(WHAT NEEDS TO BE DONE): Below are records; say how many of their lines include the word "inter", giving nothing but the number.

(Stored data)
[Start of section]

(* Under the setting of the context, let $p\in\mathbb R$ and $\epsilon\in(0,1]$, and assume $\mathbb E[|Z|^{1+\epsilon}]<\infty$. Then there is a constant $C$ (depending on $p$, $\epsilon$ and the laws of $W$ and $Z$, but not on $j$ or $m$) such that for all $m\ge0$ and $j\ge0$, $$\mathbb E\big[|\mathcal M^{(m)}_j(p)|^{1+\epsilon}\big]\le C\,2^{-j(1+\epsilon)\tau(p)}\sum_{k=0}^j2^{-k\tau(p(1+\epsilon))}\,2^{k(1+\epsilon)\tau(p)}.$$
   Context: Let $W$ be a real random variable with $\mathbb P(W>0)=1$, $\mathbb E[W]=1$ and $\mathbb E[W^q]<\infty$ for all $q\in\mathbb R$; define $\tau(q)=q-\log_2\mathbb E[W^q]-1$. For words $r=(r_1,\dots,r_j)\in\{0,1\}^j$ write $r|i=(r_1,\dots,r_i)$ and $rr'$ for concatenation. For each $m\ge0$ let $(W^{(m)}_r)_r$, indexed by nonempty finite words, be i.i.d. copies of $W$, independent across $m$. For each $m,j\ge0$ and $r\in\{0,1\}^j$ let $Z^{(m,r)}$ be a real random variable measurable with respect to $\sigma(W^{(m)}_{rr'}: r'\text{ nonempty})$, with law not depending on $(m,r)$; $Z$ denotes a variable with this law. Define $\mathcal M^{(m)}_j(p)=2^{-jp}\sum_{r\in\{0,1\}^j}\prod_{i=1}^j(W^{(m)}_{r|i})^pZ^{(m,r)}$. *)

theory Defs
  imports "HOL-Probability.Probability"
begin

text \<open>Words in {0,1}^j are represented as bool lists of length j; r|i is take i r.\<close>

definition tau :: "'a measure \<Rightarrow> ('a \<Rightarrow> real) \<Rightarrow> real \<Rightarrow> real" where
  "tau M W q = q - log 2 (integral\<^sup>L M (\<lambda>x. W x powr q)) - 1"

definition measurable_wrt :: "'a measure \<Rightarrow> ('a \<Rightarrow> real) \<Rightarrow> ('i \<Rightarrow> 'a \<Rightarrow> real) \<Rightarrow> 'i set \<Rightarrow> bool" where
  "measurable_wrt M X Y I \<longleftrightarrow>
     (\<forall>A \<in> sets borel. X -` A \<inter> space M \<in>
        sigma_sets (space M) (\<Union>i\<in>I. {Y i -` B \<inter> space M | B. B \<in> sets borel}))"

definition cascM :: "(nat \<Rightarrow> bool list \<Rightarrow> 'a \<Rightarrow> real) \<Rightarrow> (nat \<Rightarrow> bool list \<Rightarrow> 'a \<Rightarrow> real)
    \<Rightarrow> nat \<Rightarrow> nat \<Rightarrow> real \<Rightarrow> 'a \<Rightarrow> real" where
  "cascM Wf Zf m j p x = 2 powr (- real j * p) *
     (\<Sum>r\<in>{r::bool list. length r = j}. (\<Prod>i\<in>{1..j}. Wf m (take i r) x powr p) * Zf m r x)"

end

theory Submission
  imports Defs
begin

(*
  Fix the exponent kappa = 1 + epsilon in (1,2].  The key pointwise fact is a von Bahr--Esseen
  type inequality  |x + y|^kappa <= |x|^kappa + kappa phi(x) y + 17 |y|^kappa,  where
  phi(x) = sgn x |x|^(kappa-1).  Taking expectations, a sum X + T_1 + ... + T_n whose
  increments are "orthogonal" to phi of all earlier partial sums satisfies
  E|X + sum T_i|^kappa <= E|X|^kappa + 17 sum E|T_i|^kappa.

  The cascade M_j(p) is split along the binary tree: Y_0 = 2^(-jp) (2e)^j E[Z] is constant
  (e = E[W^p]), each Y_(k+1) - Y_k is a sum over words s of length k of increments
  c * Q(s) * U(s) where Q(s) is the weight product along s and U(s) the centred sum of the
  weights of the two children of s, and finally M_j(p) - Y_j is a sum of increments
  c * Q(r) * (Z_r - E Z).  By independence of the weights, every increment is centred given
  everything generated by the earlier words, which gives the required orthogonality.
  Summing the resulting bounds over the levels and rewriting the constants through tau gives
  the claimed estimate.
*)

lemma powr_one_plus_le:
  fixes r t :: real
  assumes r: "1 < r" "r \<le> 2" and t: "\<bar>t\<bar> \<le> 1/2"
  shows "(1 + t) powr r \<le> 1 + r * t + 2 * t\<^sup>2"
proof -
  define g where "g t = 1 + r * t + 2 * t\<^sup>2 - (1 + t) powr r" for t
  define g' where "g' t = r + 4 * t - r * (1 + t) powr (r - 1)" for t
  have deriv: "(g has_real_derivative g' s) (at s)" if "-1 < s" for s
  proof -
    have "((\<lambda>s. (1 + s) powr r) has_real_derivative (r * (1 + s) powr (r - 1)) * 1) (at s)"
      by (rule DERIV_chain2[of "\<lambda>x. x powr r"]) (use that in \<open>auto intro!: derivative_eq_intros\<close>)
    then show ?thesis using that unfolding g_def g'_def
      by (auto intro!: derivative_eq_intros simp: power2_eq_square algebra_simps)
  qed
  \<comment> \<open>g decreases on [-1/2,0] and increases on [0,\<infinity>), and g 0 = 0.\<close>
  have g'_pos: "g' s \<ge> 0" if "0 \<le> s" for s
  proof -
    have "(1 + s) powr (r - 1) \<le> (1 + s) powr 1" using that r by (intro powr_mono) auto
    then have "r * (1 + s) powr (r - 1) \<le> r * (1 + s)" using r that by (simp add: mult_left_mono)
    moreover have "r * s \<le> 4 * s" using that r by (intro mult_right_mono) auto
    ultimately show ?thesis unfolding g'_def by (auto simp: algebra_simps)
  qed
  have g'_neg: "g' s \<le> 0" if "s \<le> 0" "-1/2 \<le> s" for s
  proof -
    have "(1 + s) powr 1 \<le> (1 + s) powr (r - 1)" using that r by (intro powr_mono') auto
    then have "r * (1 + s) \<le> r * (1 + s) powr (r - 1)" using r that by (simp add: mult_left_mono)
    moreover have "4 * s \<le> r * s" using that r by (intro mult_right_mono_neg) auto
    ultimately show ?thesis unfolding g'_def by (auto simp: algebra_simps)
  qed
  have g0: "g 0 = 0" unfolding g_def by simp
  consider "t = 0" | "0 < t" | "t < 0" by linarith
  then have "g t \<ge> 0"
  proof cases
    case 2
    obtain z where "0 < z" "g t - g 0 = (t - 0) * g' z"
      using MVT2[of 0 t g g'] 2 deriv t by force
    then show ?thesis using g'_pos[of z] 2 g0 by simp
  next
    case 3
    obtain z where z: "t < z" "z < 0" "g 0 - g t = (0 - t) * g' z"
      using MVT2[of t 0 g g'] 3 deriv t by force
    then have "(0 - t) * g' z \<le> 0" using g'_neg[of z] 3 t by (intro mult_nonneg_nonpos) auto
    then show ?thesis using z g0 by simp
  qed (simp add: g0)
  then show ?thesis unfolding g_def by simp
qed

[End of section]

(RESPONSE BELOW): 2